I lead him through the rest of it, supplying specifics every time he balks—how Patty fell apart afterwards, how she’d drifted from place to place with him following faithfully with each move, how she’d sunk into drugs and prostitution, how she finally killed herself with an o.d. just a year ago with him standing by helplessly at the hospital where she died.

God, what a miserable life that poor girl had. I have to firmly suppress my feelings again and again, I hate the two pricks myself for what they did. But Watkins took it a little too far.

“Now, Mr. Watkins, after she died you returned here. For what purpose? Was it because the two men you felt were responsible for what happened to Ms. Lowell, Mr. Truesdale and the defendant, the two men you hated for that, was it because they lived here and you wanted retribution?”

Yvonne’s on her feet again, but Watkins answers “no!” loudly before she can open her mouth. Hugo’s sitting in the third row of pews and I look over at him for confirmation and see him shake his head. But Yvonne sees it too; I’ve been checking with him from time to time during Watkins’ testimony, and I guess she’s picked up on it.

“Your honor!” she says. “May we approach the bench?”

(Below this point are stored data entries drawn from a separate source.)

definition rpoly :: "nat \<Rightarrow> (nat \<Rightarrow> complex) \<Rightarrow> complex \<Rightarrow> complex" where
  "rpoly N z w = (\<Prod>i<N. w - z i)"

definition gamma_const :: real where
  "gamma_const = ln (cos (pi/8) / sin (pi/8))"

end

theory Submission
  imports Defs "HOL-Library.Real_Mod" "HOL-Complex_Analysis.Conformal_Mappings"
begin

text \<open>
  Write \<open>S = \<Sum>\<^sub>i<N Re z\<^sub>i\<close> for points \<open>z\<^sub>i\<close> on the unit circle.  The proof has a deterministic
  and a probabilistic half.

  Deterministic half: for every \<open>0 \<le> u < 1\<close> the maximum of \<open>|P(w)|\<^sup>2\<close> over \<open>|w| = 1\<close> is at
  least \<open>exp (u\<^sup>2 |S| - 2)\<close>
  (lemma max_lower_bound).  The reflected polynomial \<open>Q(v) = \<Prod>(1 - v z\<^sub>i)\<close> satisfies
  \<open>|Q(w)| = |P(conj w)|\<close> on the circle, so by the maximum modulus principle \<open>|Q|\<close> inside the disc
  is bounded by \<open>max |P|\<close>.  We average \<open>ln |Q|\<close> over the m-th roots of unity on the circle of
  radius \<open>u\<^sup>2\<close> with the nonnegative weights \<open>1 \<plusminus> cos(2\<pi>j/m)\<close>.  Expanding
  \<open>ln |1 - y| = - \<Sum> Re(y\<^sup>n)/n\<close>, only frequencies \<open>n \<equiv> 0, \<plusminus>1 (mod m)\<close> survive; the first one
  contributes \<open>m u\<^sup>2 |S|/2\<close> and the others are \<open>O(m u^(m-1))\<close>, negligible for large m.  Some
  root therefore attains at least the average.

  Probabilistic half: the \<open>Re z\<^sub>i\<close> are i.i.d. with mean 0 and variance 1/2, so by the central
  limit theorem \<open>P(|S| < c sqrt N)\<close> tends to the Gaussian mass of an interval, which is at most
  \<open>2c/sqrt \<pi>\<close> because the normal density is at most \<open>1/sqrt(2\<pi>)\<close>.  Finally
  \<open>\<gamma> = ln (1 + sqrt 2) \<le> 9/10\<close> leaves room to choose \<open>u = 0.99\<close> and \<open>c = 0.95 \<epsilon> sqrt \<pi> / 2\<close>.
\<close>

lemma root_unity_sum:
  assumes m: "m > 0"
  shows "(\<Sum>j<m. cis (2*pi/m) ^ (j*k)) = (if m dvd k then of_nat m else 0)"
proof (cases "m dvd k")
  case True
  then obtain t where k: "k = m * t" by blast
  have "cis (2*pi/m) ^ (j*k) = 1" for j
  proof -
    have "cis (2*pi/m) ^ (j*k) = cis (real (j*k) * (2*pi/m))" by (rule Complex.DeMoivre)
    also have "real (j*k) * (2*pi/m) = 2*pi * real (j*t)" using m by (simp add: k field_simps)
    also have "cis (2*pi * real (j*t)) = 1" by (rule cis_multiple_2pi) (simp add: Ints_of_nat)
    finally show ?thesis .
  qed
  then show ?thesis using True by simp
next
  case False
  let ?x = "cis (2*pi/m) ^ k"
  have x1: "?x \<noteq> 1"
  proof
    assume "?x = 1"
    then have "cis (real k * (2*pi/m)) = 1" by (simp add: Complex.DeMoivre)
    then obtain n where "real k * (2*pi/m) = of_int n * (2*pi)" by (auto simp: cis_eq_1_iff)
    then have "real k = of_int n * real m" using m by (simp add: field_simps)
    then have "int k = n * int m" by (metis of_int_eq_iff of_int_mult of_int_of_nat_eq)
    then show False using False by (metis dvd_triv_right int_dvd_int_iff)
  qed
  have "?x ^ m = cis (2*pi * real k)"
    using m by (simp add: Complex.DeMoivre power_mult[symmetric] field_simps)
  also have "\<dots> = 1" by (rule cis_multiple_2pi) (simp add: Ints_of_nat)
  finally have xm: "?x ^ m = 1" .
  have "(\<Sum>j<m. cis (2*pi/m) ^ (j*k)) = (\<Sum>j<m. ?x ^ j)"
    by (simp add: power_mult[symmetric] mult.commute)
  also have "\<dots> = 0" using x1 xm by (simp add: geometric_sum)
  finally show ?thesis using False by simp
qed
(* Let $A$ be a finite abelian group of even order, let $T$ be a square-free subset of $A$, and let $X\subseteq A$ be inverse-closed (i.e. $-X=X$). Then $X$ is a perfect code of $\mathrm{CayS}(A,T)$ if and only if $A=X\oplus T^0$, where $T^0=T\cup\{0\}$.
   Context: $A$ is written additively with identity $0$. An element $x$ of $A$ is a square if $x=2y$ for some $y\in A$; a subset is square-free if it contains no squares. For a square-free $T\subseteq A$, the Cayley sum graph $\mathrm{CayS}(A,T)$ is the simple graph with vertex set $A$ in which distinct $x,y$ are adjacent iff $x+y\in T$. A subset $C$ of the vertex set of a graph is a perfect code if every vertex is at distance at most one from exactly one vertex of $C$. For subsets $M,N\subseteq A$, we write $A=M\oplus N$ if every element $a\in A$ can be written in a unique way as $a=m+n$ with $m\in M$, $n\in N$. *)

theory Defs
  imports Main
begin

definition is_square :: "'a::ab_group_add \<Rightarrow> bool" where
  "is_square x \<longleftrightarrow> (\<exists>y. x = y + y)"

definition square_free :: "'a::ab_group_add set \<Rightarrow> bool" where
  "square_free T \<longleftrightarrow> (\<forall>x\<in>T. \<not> is_square x)"

definition cays_adj :: "'a::ab_group_add set \<Rightarrow> 'a \<Rightarrow> 'a \<Rightarrow> bool" where
  "cays_adj T x y \<longleftrightarrow> x \<noteq> y \<and> x + y \<in> T"

definition perfect_code :: "'v set \<Rightarrow> ('v \<Rightarrow> 'v \<Rightarrow> bool) \<Rightarrow> 'v set \<Rightarrow> bool" where
  "perfect_code V E C \<longleftrightarrow> C \<subseteq> V \<and> (\<forall>v\<in>V. \<exists>!c. c \<in> C \<and> (v = c \<or> E v c))"

definition direct_sum :: "'a::ab_group_add set \<Rightarrow> 'a set \<Rightarrow> 'a set \<Rightarrow> bool" where
  "direct_sum A M N \<longleftrightarrow> (\<forall>a\<in>A. \<exists>!p. fst p \<in> M \<and> snd p \<in> N \<and> a = fst p + snd p)"

end

theory Submission
  imports Defs
begin

text \<open>Square-freeness of T means no vertex v of CayS(A,T) is adjacent to itself, so the vertices
  of X within distance one of v are those in ({v} \<inter> X) \<union> R, where R = {c \<in> X. v + c \<in> T}
  and v \<notin> R. Since X = -X, the decompositions v = x + t with x \<in> X and t \<in> T \<union> {0}
  correspond to the elements c = -x of ({-v} \<inter> X) \<union> R, and -v \<notin> R because 0 \<notin> T.
  As v \<in> X iff -v \<in> X, both sets are singletons exactly when R is empty (if v \<in> X) or a
  singleton (if v \<notin> X).\<close>

lemma ex1_exchange_point:
  assumes "a \<notin> R" and "b \<notin> R" and "a \<in> X \<longleftrightarrow> b \<in> X"
  shows "(\<exists>!c. c \<in> X \<and> (c = a \<or> c \<in> R)) \<longleftrightarrow> (\<exists>!c. c \<in> X \<and> (c = b \<or> c \<in> R))"
  using assms by blast

lemma ex1_uminus_reindex:
  fixes P :: "'a::group_add \<Rightarrow> bool"
  shows "(\<exists>!x. P (- x)) \<longleftrightarrow> (\<exists>!x. P x)"
  unfolding Ex1_def by (metis minus_minus)

lemma direct_sum_iff_ex1_diff:
  "direct_sum A M N \<longleftrightarrow> (\<forall>a\<in>A. \<exists>!m. m \<in> M \<and> a - m \<in> N)"
proof -
  have "(\<exists>!p. fst p \<in> M \<and> snd p \<in> N \<and> a = fst p + snd p) \<longleftrightarrow> (\<exists>!m. m \<in> M \<and> a - m \<in> N)"
    for a
  proof
    assume "\<exists>!p. fst p \<in> M \<and> snd p \<in> N \<and> a = fst p + snd p"
    then obtain m n where "m \<in> M" "n \<in> N" "a = m + n"
      and uniq: "\<And>m' n'. m' \<in> M \<Longrightarrow> n' \<in> N \<Longrightarrow> a = m' + n' \<Longrightarrow> m' = m"
      by (metis fst_conv snd_conv)
    then show "\<exists>!m. m \<in> M \<and> a - m \<in> N"
      by (metis add_diff_cancel_left' diff_add_cancel)
  next
    assume "\<exists>!m. m \<in> M \<and> a - m \<in> N"
    then obtain m where "m \<in> M" "a - m \<in> N"
      and uniq: "\<And>m'. m' \<in> M \<Longrightarrow> a - m' \<in> N \<Longrightarrow> m' = m"
      by blast
    show "\<exists>!p. fst p \<in> M \<and> snd p \<in> N \<and> a = fst p + snd p"
    proof (rule ex1I[of _ "(m, a - m)"])
      fix p assume p: "fst p \<in> M \<and> snd p \<in> N \<and> a = fst p + snd p"
      then have "fst p = m"
        using uniq[of "fst p"] by simp
      with p show "p = (m, a - m)"
        by (simp add: prod_eq_iff)
    qed (use \<open>m \<in> M\<close> \<open>a - m \<in> N\<close> in simp)
  qed
  then show ?thesis
    by (simp add: direct_sum_def)
qed

lemma direct_sum_inverse_closed_iff:
  assumes "uminus ` X = X"
  shows "direct_sum A X N \<longleftrightarrow> (\<forall>a\<in>A. \<exists>!c. c \<in> X \<and> a + c \<in> N)"
proof -
  have "- c \<in> X \<longleftrightarrow> c \<in> X" for c
    using assms by (metis image_iff minus_minus)
  then have "(\<exists>!m. m \<in> X \<and> a - m \<in> N) \<longleftrightarrow> (\<exists>!c. c \<in> X \<and> a + c \<in> N)" for a
    using ex1_uminus_reindex[where P = "\<lambda>m. m \<in> X \<and> a - m \<in> N"] by simp
  then show ?thesis
    by (simp add: direct_sum_iff_ex1_diff)
qed

lemma square_free_add_self_notin:
  "square_free T \<Longrightarrow> v + v \<notin> T"
  by (auto simp: square_free_def is_square_def)

lemma perfect_code_cays_iff:
  assumes "square_free T"
  shows "perfect_code UNIV (cays_adj T) C \<longleftrightarrow> (\<forall>v. \<exists>!c. c \<in> C \<and> (c = v \<or> v + c \<in> T))"
proof -
  have "(v = c \<or> cays_adj T v c) \<longleftrightarrow> (c = v \<or> v + c \<in> T)" for v c
    using square_free_add_self_notin[OF assms] by (auto simp: cays_adj_def)
  then show ?thesis
    by (simp add: perfect_code_def)
qed

theorem corollary2p6:
  fixes T X :: "'a::{ab_group_add, finite} set"
  assumes "even (card (UNIV :: 'a set))"
    and "square_free T"
    and "uminus ` X = X"
  shows "perfect_code UNIV (cays_adj T) X \<longleftrightarrow> direct_sum UNIV X (insert 0 T)"
proof -
  have X_uminus: "- v \<in> X \<longleftrightarrow> v \<in> X" for v
    using assms(3) by (metis image_iff minus_minus)
  have no_loop: "v \<notin> {c. v + c \<in> T}" and zero_notin: "- v \<notin> {c. v + c \<in> T}" for v :: 'a
    using square_free_add_self_notin[OF assms(2), of v] square_free_add_self_notin[OF assms(2), of 0]
    by simp_all
  have "v + c \<in> insert 0 T \<longleftrightarrow> c = - v \<or> v + c \<in> T" for v c :: 'a
    by (auto simp: add_eq_0_iff)
  then have "direct_sum UNIV X (insert 0 T) \<longleftrightarrow> (\<forall>v. \<exists>!c. c \<in> X \<and> (c = - v \<or> v + c \<in> T))"
    by (simp add: direct_sum_inverse_closed_iff[OF assms(3)])
  also have "\<dots> \<longleftrightarrow> (\<forall>v. \<exists>!c. c \<in> X \<and> (c = v \<or> v + c \<in> T))"
    using ex1_exchange_point[OF no_loop zero_notin, where X = X] X_uminus by simp
  finally show ?thesis
    by (simp add: perfect_code_cays_iff[OF assms(2)])
qed

end
text \<open>The second property is the braid relation of length \<open>m = 2, 3, 4, 6\<close>.\<close>

lemma dihedral_finite_type:
  fixes a b :: int
  assumes "a \<le> 0" "b \<le> 0" "a = 0 \<longleftrightarrow> b = 0" "a * b < 4"
  obtains m where "1 \<le> m" "\<And>x y. alt_word_shift a b x y True m = alt_word_shift a b x y False m"
    "\<And>n. n < m \<Longrightarrow> 0 \<le> fst (dihedral_coef a b n) \<and> 0 \<le> snd (dihedral_coef a b n)"
proof -
  have "(a, b) \<in> {(0, 0), (-1, -1), (-1, -2), (-2, -1), (-1, -3), (-3, -1)}"
    using finite_type_rank2_cases[OF assms] .
  then consider "a = 0 \<and> b = 0" | "a = -1 \<and> b = -1" | "a = -1 \<and> b = -2 \<or> a = -2 \<and> b = -1"
    | "a = -1 \<and> b = -3 \<or> a = -3 \<and> b = -1"
    by auto
  then show ?thesis
  proof cases
    case 1
    then show ?thesis by (intro that[of 2]) (auto simp: numeral_eq_Suc less_Suc_eq)
  next
    case 2
    then show ?thesis by (intro that[of 3]) (auto simp: numeral_eq_Suc less_Suc_eq)
  next
    case 3
    then show ?thesis by (intro that[of 4]) (auto simp: numeral_eq_Suc less_Suc_eq)
  next
    case 4
    then show ?thesis by (intro that[of 6]) (auto simp: numeral_eq_Suc less_Suc_eq)
  qed
qed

The judge calls us up for one of those sotto voce consults, and Yvonne is pissed. “Your honor, Ms. Calvalli is exchanging signals of some sort with one of the spectators, the second from the right in the third row. This is inappropriate.”

The judge takes a look. “Do you know this man?” he asks me.

“He’s my husband, your honor,” I say. I really need Hugo one last time, I can’t let the judge throw him out. “We’re newlyweds,” I add with as cute a simper as I can muster.

The judge bites a little, but he’s still unhappy. “Is your husband an attorney?” he demands. Lawyers who get signals from other lawyers while they’re examining witnesses aren’t popular in any court.